Collected data entries
------------------------------------

(* For $1\le i\le n$ and $1\le j\le n-1$ we have $g_jt_i=t_{s_j(i)}g_j$. Consequently $g_jf=(s_j.f)g_j$ for every $f\in R[t_1,\ldots,t_n]$ and $1\le j\le n-1$.
   Context: Standing setup: $R$ is an integral domain, $n\ge 2$, $r\ge 1$, and $q,u_1,\ldots,u_r\in R$ with $q$ invertible in $R$ and $\Delta:=\prod_{1\le j<i\le r}(u_i-u_j)$ invertible in $R$. For $1\le c\le r$ let $F_c(X)\in R[X]$ be the unique polynomial of degree $\le r-1$ with $F_c(u_{c'})=\delta_{c,c'}\Delta$ for all $1\le c'\le r$. The modified Ariki–Koike (Shoji) algebra $\mathcal H_{n,r}=\mathcal H_{n,r}(R,q,u_1,\ldots,u_r)$ is the associative $R$-algebra generated by $t_1,\ldots,t_n,T_1,\ldots,T_{n-1}$ subject to: $(T_i-q)(T_i+q^{-1})=0$; $(t_i-u_1)\cdots(t_i-u_r)=0$; $T_iT_{i+1}T_i=T_{i+1}T_iT_{i+1}$; $T_iT_j=T_jT_i$ for $|i-j|\ge2$; $t_it_j=t_jt_i$; $T_jt_k=t_kT_j$ for $k\ne j,j+1$; and for $2\le j\le n$: $T_{j-1}t_j=t_{j-1}T_{j-1}+\Delta^{-2}\sum_{1\le c_1<c_2\le r}(u_{c_2}-u_{c_1})(q-q^{-1})F_{c_1}(t_{j-1})F_{c_2}(t_j)$ and $T_{j-1}t_{j-1}=t_jT_{j-1}-\Delta^{-2}\sum_{1\le c_1<c_2\le r}(u_{c_2}-u_{c_1})(q-q^{-1})F_{c_1}(t_{j-1})F_{c_2}(t_j)$. Write $[1,r]=\{1,\ldots,r\}$; for $\mathbf k=(k_1,\ldots,k_n)\in[1,r]^n$ set $b_{\mathbf k}:=\prod_{i=1}^n\prod_{1\le j\le r,\,j\ne k_i}\frac{t_i-u_j}{u_{k_i}-u_j}$. For $1\le i,j\le n$ let $B'_{i,j}:=-(q-q^{-1})\sum_{\mathbf k\in[1,r]^n,\ k_i<k_j}b_{\mathbf k}$, and for $1\le i\le n-1$ let $g_i:=T_i+B'_{i,i+1}$. $\mathfrak S(n)$ acts on $R[t_1,\ldots,t_n]$ by $R$-algebra automorphisms via $w.t_i=t_{w(i)}$; $s_j=(j\ j+1)$. *)

theory Defs
  imports "HOL-Computational_Algebra.Polynomial" "HOL-Library.FuncSet" "HOL-Library.Poly_Mapping"
begin

definition rinv :: "'r::comm_ring_1 \<Rightarrow> 'r" where
  "rinv x = (THE y. x * y = 1)"

definition Delta :: "nat \<Rightarrow> (nat \<Rightarrow> 'r::comm_ring_1) \<Rightarrow> 'r" where
  "Delta r u = (\<Prod>(i,j)\<in>{(i,j). 1 \<le> j \<and> j < i \<and> i \<le> r}. u i - u j)"

definition Fpoly :: "nat \<Rightarrow> (nat \<Rightarrow> 'r::comm_ring_1) \<Rightarrow> nat \<Rightarrow> 'r poly" where
  "Fpoly r u c = (THE p. degree p \<le> r - 1 \<and>
      (\<forall>c'\<in>{1..r}. poly p (u c') = (if c' = c then Delta r u else 0)))"

(* R-algebra structure map: ring homomorphism with central image *)
definition is_alg_map :: "('r::comm_ring_1 \<Rightarrow> 'a::ring_1) \<Rightarrow> bool" where
  "is_alg_map \<phi> \<longleftrightarrow> \<phi> 1 = 1 \<and> (\<forall>x y. \<phi> (x + y) = \<phi> x + \<phi> y)
     \<and> (\<forall>x y. \<phi> (x * y) = \<phi> x * \<phi> y) \<and> (\<forall>x a. \<phi> x * a = a * \<phi> x)"

definition peval :: "('r::comm_ring_1 \<Rightarrow> 'a::ring_1) \<Rightarrow> 'r poly \<Rightarrow> 'a \<Rightarrow> 'a" where
  "peval \<phi> p x = (\<Sum>k\<le>degree p. \<phi> (coeff p k) * x ^ k)"

definition shoji_corr :: "('r::comm_ring_1 \<Rightarrow> 'a::ring_1) \<Rightarrow> nat \<Rightarrow> 'r \<Rightarrow> (nat \<Rightarrow> 'r)
    \<Rightarrow> 'a \<Rightarrow> 'a \<Rightarrow> 'a" where
  "shoji_corr \<phi> r q u x y = \<phi> ((rinv (Delta r u))^2) *
     (\<Sum>(c1,c2)\<in>{(c1,c2). 1 \<le> c1 \<and> c1 < c2 \<and> c2 \<le> r}.
        \<phi> ((u c2 - u c1) * (q - rinv q)) * peval \<phi> (Fpoly r u c1) x * peval \<phi> (Fpoly r u c2) y)"

(* t_1..t_n, T_1..T_{n-1} in an R-algebra (via \<phi>) satisfy the defining relations of H_{n,r} *)
definition shoji_rel :: "('r::comm_ring_1 \<Rightarrow> 'a::ring_1) \<Rightarrow> nat \<Rightarrow> nat \<Rightarrow> 'r \<Rightarrow> (nat \<Rightarrow> 'r)
    \<Rightarrow> (nat \<Rightarrow> 'a) \<Rightarrow> (nat \<Rightarrow> 'a) \<Rightarrow> bool" where
  "shoji_rel \<phi> n r q u t T \<longleftrightarrow>
     (\<forall>i\<in>{1..<n}. (T i - \<phi> q) * (T i + \<phi> (rinv q)) = 0)
   \<and> (\<forall>i\<in>{1..n}. prod_list (map (\<lambda>c. t i - \<phi> (u c)) [1..<r+1]) = 0)
   \<and> (\<forall>i. 1 \<le> i \<and> i + 1 < n \<longrightarrow> T i * T (i+1) * T i = T (i+1) * T i * T (i+1))
   \<and> (\<forall>i\<in>{1..<n}. \<forall>j\<in>{1..<n}. (i + 2 \<le> j \<or> j + 2 \<le> i) \<longrightarrow> T i * T j = T j * T i)
   \<and> (\<forall>i\<in>{1..n}. \<forall>j\<in>{1..n}. t i * t j = t j * t i)
   \<and> (\<forall>j\<in>{1..<n}. \<forall>k\<in>{1..n}. k \<noteq> j \<and> k \<noteq> j + 1 \<longrightarrow> T j * t k = t k * T j)
   \<and> (\<forall>j\<in>{2..n}. T (j-1) * t j = t (j-1) * T (j-1) + shoji_corr \<phi> r q u (t (j-1)) (t j))
   \<and> (\<forall>j\<in>{2..n}. T (j-1) * t (j-1) = t j * T (j-1) - shoji_corr \<phi> r q u (t (j-1)) (t j))"

definition bk :: "('r::comm_ring_1 \<Rightarrow> 'a::ring_1) \<Rightarrow> nat \<Rightarrow> nat \<Rightarrow> (nat \<Rightarrow> 'r) \<Rightarrow> (nat \<Rightarrow> 'a)
    \<Rightarrow> (nat \<Rightarrow> nat) \<Rightarrow> 'a" where
  "bk \<phi> n r u t k = prod_list (map (\<lambda>i. prod_list (map (\<lambda>j. (t i - \<phi> (u j)) * \<phi> (rinv (u (k i) - u j)))
       (filter (\<lambda>j. j \<noteq> k i) [1..<r+1]))) [1..<n+1])"

definition Bprime :: "('r::comm_ring_1 \<Rightarrow> 'a::ring_1) \<Rightarrow> nat \<Rightarrow> nat \<Rightarrow> 'r \<Rightarrow> (nat \<Rightarrow> 'r)
    \<Rightarrow> (nat \<Rightarrow> 'a) \<Rightarrow> nat \<Rightarrow> nat \<Rightarrow> 'a" where
  "Bprime \<phi> n r q u t i j = - (\<phi> (q - rinv q) *
     (\<Sum>k\<in>{k\<in>PiE {1..n} (\<lambda>_. {1..r}). k i < k j}. bk \<phi> n r u t k))"

definition gen :: "('r::comm_ring_1 \<Rightarrow> 'a::ring_1) \<Rightarrow> nat \<Rightarrow> nat \<Rightarrow> 'r \<Rightarrow> (nat \<Rightarrow> 'r)
    \<Rightarrow> (nat \<Rightarrow> 'a) \<Rightarrow> (nat \<Rightarrow> 'a) \<Rightarrow> nat \<Rightarrow> 'a" where
  "gen \<phi> n r q u t T i = T i + Bprime \<phi> n r q u t i (i+1)"

definition sref :: "nat \<Rightarrow> nat \<Rightarrow> nat" where
  "sref j i = (if i = j then j + 1 else if i = j + 1 then j else i)"

(* evaluation of a polynomial f in R[X_1..X_n] (monomial \<Rightarrow> coefficient) at X_i := t_(\<sigma> i) *)
definition mpeval :: "('r::comm_ring_1 \<Rightarrow> 'a::ring_1) \<Rightarrow> nat \<Rightarrow> (nat \<Rightarrow> 'a) \<Rightarrow> (nat \<Rightarrow> nat)
    \<Rightarrow> ((nat \<Rightarrow>\<^sub>0 nat) \<Rightarrow>\<^sub>0 'r) \<Rightarrow> 'a" where
  "mpeval \<phi> n t \<sigma> f = (\<Sum>mo\<in>Poly_Mapping.keys f. \<phi> (Poly_Mapping.lookup f mo) *
      prod_list (map (\<lambda>i. t (\<sigma> i) ^ Poly_Mapping.lookup (mo :: nat \<Rightarrow>\<^sub>0 nat) i) [1..<n+1]))"

end

theory Submission
  imports Defs
begin

text \<open>
  Let \<open>L_c\<close> be the Lagrange basis at the nodes \<open>u_1, \<dots>, u_r\<close> and put \<open>e_{i,c} = L_c(t_i)\<close>.
  Because \<open>\<Prod>_c (t_i - u_c) = 0\<close>, the \<open>e_{i,c}\<close> commute with all \<open>t_i'\<close>, satisfy
  \<open>t_i e_{i,c} = u_c e_{i,c}\<close> and \<open>\<Sum>_c e_{i,c} = 1\<close>; moreover \<open>F_c = \<Delta> L_c\<close> and
  \<open>b_k = \<Prod>_i e_{i,k_i}\<close>, so \<open>t_i b_k = u_{k_i} b_k\<close>. Writing \<open>e_{j,c1} e_{j+1,c2}\<close> as the sum of the
  \<open>b_k\<close> with \<open>k_j = c1\<close> and \<open>k_{j+1} = c2\<close> turns the correction term in the relations for \<open>T_j\<close>
  into \<open>W_j = (q - q\<^sup>-\<^sup>1) \<Sum>_{k_j < k_{j+1}} (u_{k_{j+1}} - u_{k_j}) b_k\<close>. The eigenvalue relation
  also shows that \<open>B'_{j,j+1}\<close> commutes with every \<open>t_i\<close> and that
  \<open>B'_{j,j+1} (t_j - t_{j+1}) = W_j\<close>, so adding \<open>B'_{j,j+1}\<close> to \<open>T_j\<close> cancels the correction exactly.
  Polynomials in the \<open>t_i\<close> then follow monomial by monomial.
\<close>

lemma alg_map_1: "is_alg_map \<phi> \<Longrightarrow> \<phi> 1 = 1"
  unfolding is_alg_map_def by blast

lemma alg_map_add: "is_alg_map \<phi> \<Longrightarrow> \<phi> (x + y) = \<phi> x + \<phi> y"
  unfolding is_alg_map_def by blast

lemma alg_map_mult: "is_alg_map \<phi> \<Longrightarrow> \<phi> (x * y) = \<phi> x * \<phi> y"
  unfolding is_alg_map_def by blast

lemma alg_map_central: "is_alg_map \<phi> \<Longrightarrow> \<phi> x * a = a * \<phi> x"
  unfolding is_alg_map_def by blast

lemma alg_map_0: "is_alg_map \<phi> \<Longrightarrow> \<phi> 0 = 0"
  using alg_map_add[of \<phi> 0 0] by simp

lemma alg_map_uminus: "is_alg_map \<phi> \<Longrightarrow> \<phi> (- x) = - \<phi> x"
  using alg_map_add[of \<phi> x "-x"] alg_map_0[of \<phi>] by (simp add: eq_neg_iff_add_eq_0 add.commute)

lemma alg_map_diff: "is_alg_map \<phi> \<Longrightarrow> \<phi> (x - y) = \<phi> x - \<phi> y"
  using alg_map_add[of \<phi> x "-y"] alg_map_uminus[of \<phi> y] by simp

lemma alg_map_mult3:
  assumes \<phi>: "is_alg_map \<phi>"
  shows "\<phi> a * (\<phi> b * x) * (\<phi> c * y) = \<phi> (a * b * c) * (x * y)"
proof -
  have "x * (\<phi> c * y) = (x * \<phi> c) * y" by (simp add: mult.assoc)
  also have "x * \<phi> c = \<phi> c * x" by (rule alg_map_central[OF \<phi>, symmetric])
  finally have "x * (\<phi> c * y) = \<phi> c * (x * y)" by (simp add: mult.assoc)
  then show ?thesis by (simp add: alg_map_mult[OF \<phi>] mult.assoc)
qed

section \<open>Evaluating polynomials in an algebra\<close>

lemma peval_eq_sum_atMost:
  assumes "is_alg_map \<phi>" "degree p \<le> N"
  shows "peval \<phi> p x = (\<Sum>k\<le>N. \<phi> (coeff p k) * x ^ k)"
proof -
  have "(\<Sum>k\<le>N. \<phi> (coeff p k) * x ^ k) = (\<Sum>k\<le>degree p. \<phi> (coeff p k) * x ^ k)"
    using assms by (intro sum.mono_neutral_right) (auto simp: coeff_eq_0 alg_map_0)
  thus ?thesis by (simp add: peval_def)
qed

lemma peval_0: "is_alg_map \<phi> \<Longrightarrow> peval \<phi> 0 x = 0"
  by (simp add: peval_def alg_map_0)

lemma peval_pCons:
  assumes \<phi>: "is_alg_map \<phi>"
  shows "peval \<phi> (pCons c p) x = \<phi> c + x * peval \<phi> p x"
proof -
  have "peval \<phi> (pCons c p) x = (\<Sum>k\<le>Suc (degree p). \<phi> (coeff (pCons c p) k) * x ^ k)"
    using \<phi> by (intro peval_eq_sum_atMost) (auto simp: degree_pCons_le)
  also have "\<dots> = \<phi> c + (\<Sum>k\<le>degree p. \<phi> (coeff p k) * x * x ^ k)"
    by (subst sum.atMost_Suc_shift) (simp add: mult.assoc)
  also have "\<dots> = \<phi> c + x * peval \<phi> p x"
    by (simp add: peval_def sum_distrib_left alg_map_central[OF \<phi>] mult.assoc)
  finally show ?thesis .
qed

lemma peval_add:
  assumes \<phi>: "is_alg_map \<phi>"
  shows "peval \<phi> (p + q) x = peval \<phi> p x + peval \<phi> q x"
proof -
  let ?N = "max (degree p) (degree q)"
  have "peval \<phi> (p + q) x = (\<Sum>k\<le>?N. \<phi> (coeff (p + q) k) * x ^ k)"
    using \<phi> by (intro peval_eq_sum_atMost) (auto simp: degree_add_le)
  also have "\<dots> = (\<Sum>k\<le>?N. \<phi> (coeff p k) * x ^ k) + (\<Sum>k\<le>?N. \<phi> (coeff q k) * x ^ k)"
    by (simp add: alg_map_add[OF \<phi>] distrib_right sum.distrib)
  also have "\<dots> = peval \<phi> p x + peval \<phi> q x"
    using peval_eq_sum_atMost[OF \<phi>, of p ?N] peval_eq_sum_atMost[OF \<phi>, of q ?N] by simp
  finally show ?thesis .
qed

lemma peval_smult:
  assumes \<phi>: "is_alg_map \<phi>"
  shows "peval \<phi> (smult c p) x = \<phi> c * peval \<phi> p x"
proof -
  have "peval \<phi> (smult c p) x = (\<Sum>k\<le>degree p. \<phi> (coeff (smult c p) k) * x ^ k)"
    using \<phi> by (intro peval_eq_sum_atMost) (auto simp: degree_smult_le)
  also have "\<dots> = \<phi> c * peval \<phi> p x"
    by (simp add: peval_def sum_distrib_left alg_map_mult[OF \<phi>] mult.assoc)
  finally show ?thesis .
qed

lemma peval_mult:
  assumes \<phi>: "is_alg_map \<phi>"
  shows "peval \<phi> (p * q) x = peval \<phi> p x * peval \<phi> q x"
proof (induction p)
  case (pCons c p)
  have "peval \<phi> (pCons c p * q) x = \<phi> c * peval \<phi> q x + x * (peval \<phi> p x * peval \<phi> q x)"
    using pCons by (simp add: peval_add[OF \<phi>] peval_smult[OF \<phi>] peval_pCons[OF \<phi>] alg_map_0[OF \<phi>])
  also have "\<dots> = peval \<phi> (pCons c p) x * peval \<phi> q x"
    by (simp add: peval_pCons[OF \<phi>] distrib_right mult.assoc)
  finally show ?case .
qed (simp add: peval_0[OF \<phi>])

lemma peval_1: "is_alg_map \<phi> \<Longrightarrow> peval \<phi> 1 x = 1"
  by (simp add: one_pCons peval_pCons peval_0 alg_map_1)

lemma peval_monic_linear: "is_alg_map \<phi> \<Longrightarrow> peval \<phi> [:- c, 1:] x = x - \<phi> c"
  by (simp add: peval_pCons peval_0 alg_map_1 alg_map_uminus)

lemma peval_sum: "is_alg_map \<phi> \<Longrightarrow> peval \<phi> (sum f A) x = (\<Sum>a\<in>A. peval \<phi> (f a) x)"
  by (induction A rule: infinite_finite_induct) (auto simp: peval_0 peval_add)

lemma peval_prod_list:
  "is_alg_map \<phi> \<Longrightarrow> peval \<phi> (prod_list (map f xs)) x = prod_list (map (\<lambda>a. peval \<phi> (f a) x) xs)"
  by (induction xs) (auto simp: peval_1 peval_mult)

lemma commute_power:
  fixes x y :: "'a::monoid_mult"
  assumes "y * x = x * y"
  shows "y * x ^ k = x ^ k * y"
proof (induction k)
  case (Suc k)
  have "y * x ^ Suc k = x * (y * x ^ k)" using assms by (simp add: mult.assoc[symmetric])
  then show ?case by (simp add: Suc mult.assoc)
qed simp

lemma commute_peval:
  assumes \<phi>: "is_alg_map \<phi>" and yx: "y * x = x * y"
  shows "y * peval \<phi> p x = peval \<phi> p x * y"
  unfolding peval_def sum_distrib_left sum_distrib_right
proof (intro sum.cong refl)
  fix k
  have "y * (\<phi> (coeff p k) * x ^ k) = (y * \<phi> (coeff p k)) * x ^ k" by (simp add: mult.assoc)
  also have "y * \<phi> (coeff p k) = \<phi> (coeff p k) * y" by (rule alg_map_central[OF \<phi>, symmetric])
  finally have "y * (\<phi> (coeff p k) * x ^ k) = \<phi> (coeff p k) * (y * x ^ k)" by (simp add: mult.assoc)
  then show "y * (\<phi> (coeff p k) * x ^ k) = \<phi> (coeff p k) * x ^ k * y"
    by (simp add: commute_power[OF yx] mult.assoc)
qed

------------------------------------

**What the task requires**: When a line in the data contains "longleftrightarrow", return it as written.

**Answer to the exercise**:
  "is_alg_map \<phi> \<longleftrightarrow> \<phi> 1 = 1 \<and> (\<forall>x y. \<phi> (x + y) = \<phi> x + \<phi> y)
  "shoji_rel \<phi> n r q u t T \<longleftrightarrow>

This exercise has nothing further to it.